*** Opening Extracted records ***

lemma scaleR_mem_star_set_iff:
  assumes u: "norm u = 1" and s: "s > 0"
  shows "s *\<^sub>R u \<in> star_set \<rho> \<longleftrightarrow> s \<le> \<rho> u"
proof
  assume "s *\<^sub>R u \<in> star_set \<rho>"
  then obtain r v where rv: "s *\<^sub>R u = r *\<^sub>R v" "norm v = 1" "0 \<le> r" "r \<le> \<rho> v"
    unfolding star_set_def by auto
  have "s = r" using arg_cong[OF rv(1), of norm] u s rv(2,3) by simp
  then show "s \<le> \<rho> u" using rv s by simp
next
  assume "s \<le> \<rho> u"
  then show "s *\<^sub>R u \<in> star_set \<rho>" unfolding star_set_def using u s by force
qed

lemma zero_mem_star_set:
  assumes "\<forall>u\<in>sphere (0::real^'n) 1. 0 \<le> \<rho> u"
  shows "0 \<in> star_set \<rho>"
proof -
  obtain u :: "real^'n" where "norm u = 1" using vector_choose_size[of 1] by auto
  then show ?thesis unfolding star_set_def using assms by (intro CollectI exI[of _ 0] exI[of _ u]) auto
qed

lemma star_set_eq:
  assumes "\<forall>u\<in>sphere (0::real^'n) 1. 0 \<le> \<rho> u"
  shows "star_set \<rho> = {x. x = 0 \<or> norm x \<le> \<rho> (sgn x)}"
proof (intro set_eqI)
  fix x :: "real^'n"
  show "x \<in> star_set \<rho> \<longleftrightarrow> x \<in> {x. x = 0 \<or> norm x \<le> \<rho> (sgn x)}"
  proof (cases "x = 0")
    case False
    then have "x = norm x *\<^sub>R sgn x" "norm (sgn x) = 1" "norm x > 0"
      by (auto simp: norm_sgn sgn_div_norm)
    then show ?thesis using False scaleR_mem_star_set_iff[of "sgn x" "norm x" \<rho>] by auto
  qed (use zero_mem_star_set[OF assms] in simp)
qed
(* Let $G$ be a group with finite generating set $Y$ and let $\mathscr S$ be a retractive family of subsets of $Y$ relative to $Y$. Suppose $\bigcup\mathscr S=Y$ and the elements of $\mathscr S$ are pairwise incomparable under inclusion. Suppose (i) $[a,b]=1$ whenever $\{a,b\}\subseteq Y$ is transverse to $\mathscr S$, and (ii) $[a,\langle S\rangle^2]=1$ for every $S\in\mathscr S$ and every $a\in Y-S$, where $\langle S\rangle^2$ is the commutator subgroup of the subgroup $\langle S\rangle\cong G_S$. Then $\rho_{\mathscr S}=\prod_{S\in\mathscr S}\rho_S\colon G\to\prod_{S\in\mathscr S}G_S$ is injective.
   Context: Conventions: $[x,y]=x^{-1}y^{-1}xy$. For $S\subseteq Y$, $G_S$ is the quotient of $G$ by the normal closure of $Y-S$, with projection $\rho_S$. $S$ is retractive if $\rho_S$ restricts to an injection on $\langle S\rangle$ (so $\langle S\rangle$ is identified with $G_S$); a retractive family is a family of retractive subsets all of whose intersections are retractive. A subset $T\subseteq Y$ is transverse to $\mathscr S$ if $T\not\subseteq S$ for every $S\in\mathscr S$. *)

theory Defs
  imports "HOL-Algebra.Algebra"
begin

definition commutator :: "('a, 'b) monoid_scheme \<Rightarrow> 'a \<Rightarrow> 'a \<Rightarrow> 'a" where
  "commutator G x y = inv\<^bsub>G\<^esub> x \<otimes>\<^bsub>G\<^esub> inv\<^bsub>G\<^esub> y \<otimes>\<^bsub>G\<^esub> x \<otimes>\<^bsub>G\<^esub> y"
lemma colour_hypergraph_no_clique:
  assumes "2 \<le> k" and "k \<le> s"
    and colours: "\<And>f. f \<subseteq> {..<n} \<Longrightarrow> card f = k - 1 \<Longrightarrow> c f < s - k + 2"
  shows "\<not> has_clique k (colour_hypergraph k n c) (s + 1) {..<n}"
proof
  assume "has_clique k (colour_hypergraph k n c) (s + 1) {..<n}"
  then obtain S where S: "S \<subseteq> {..<n}" "finite S" "card S = s + 1"
    and edges: "\<And>e. e \<subseteq> S \<Longrightarrow> card e = k \<Longrightarrow> e \<in> colour_hypergraph k n c"
    unfolding has_clique_def by auto
  have "k - 2 \<le> card S" using S(3) assms(2) by simp
  then obtain P where P: "P \<subseteq> S" "card P = k - 2" and P_below: "\<forall>x\<in>P. \<forall>y\<in>S - P. x < y"
    using exists_initial_subset[OF S(2)] by blast
  have "finite P" using P(1) S(2) by (rule finite_subset)
  define R where "R = S - P"
  have card_R: "card R = s - k + 3"
    unfolding R_def using P \<open>finite P\<close> S assms(1,2) by (simp add: card_Diff_subset)
  have distinct: "c (insert x P) \<noteq> c (insert y P)" if "x \<in> R" "y \<in> R" "x < y" for x y
  proof -
    define e where "e = insert y (insert x P)"
    have "x \<notin> P" "y \<notin> P" and below: "\<forall>z\<in>P. z < x" using that P_below by (auto simp: R_def)
    then have "card e = k" unfolding e_def using \<open>finite P\<close> P(2) that(3) assms(1) by auto
    moreover have "e \<subseteq> S" unfolding e_def using that P by (auto simp: R_def)
    ultimately have "c (e - {Max e}) \<noteq> c (e - {Max (e - {Max e})})"
      using edges unfolding colour_hypergraph_def by simp
    moreover have "Max e = y"
      unfolding e_def using \<open>finite P\<close> that(3) below by (intro Max_eqI) auto
    moreover have "e - {y} = insert x P" "e - {x} = insert y P"
      unfolding e_def using \<open>x \<notin> P\<close> \<open>y \<notin> P\<close> that(3) by auto
    moreover have "Max (insert x P) = x"
      using \<open>finite P\<close> below by (intro Max_eqI) auto
    ultimately show ?thesis by simp
  qed
  have "inj_on (\<lambda>x. c (insert x P)) R"
  proof (rule inj_onI)
    fix x y assume "x \<in> R" "y \<in> R" "c (insert x P) = c (insert y P)"
    then show "x = y" using distinct[of x y] distinct[of y x] by (cases x y rule: linorder_cases) auto
  qed
  moreover have "(\<lambda>x. c (insert x P)) ` R \<subseteq> {..<s - k + 2}"
  proof (rule image_subsetI)
    fix x assume "x \<in> R"
    then have "insert x P \<subseteq> {..<n}" "card (insert x P) = k - 1"
      using P S \<open>finite P\<close> assms(1) by (auto simp: R_def)
    then show "c (insert x P) \<in> {..<s - k + 2}" using colours by simp
  qed
  ultimately have "card R \<le> card {..<s - k + 2}" by (intro card_inj_on_le) auto
  then show False using card_R by simp
qed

*** Closing Extracted records ***

What to produce.
Read the data above. Pull out each line in which the string "lemma" appears.

Output of the task.
lemma scaleR_mem_star_set_iff:
lemma zero_mem_star_set:
lemma star_set_eq:
lemma colour_hypergraph_no_clique:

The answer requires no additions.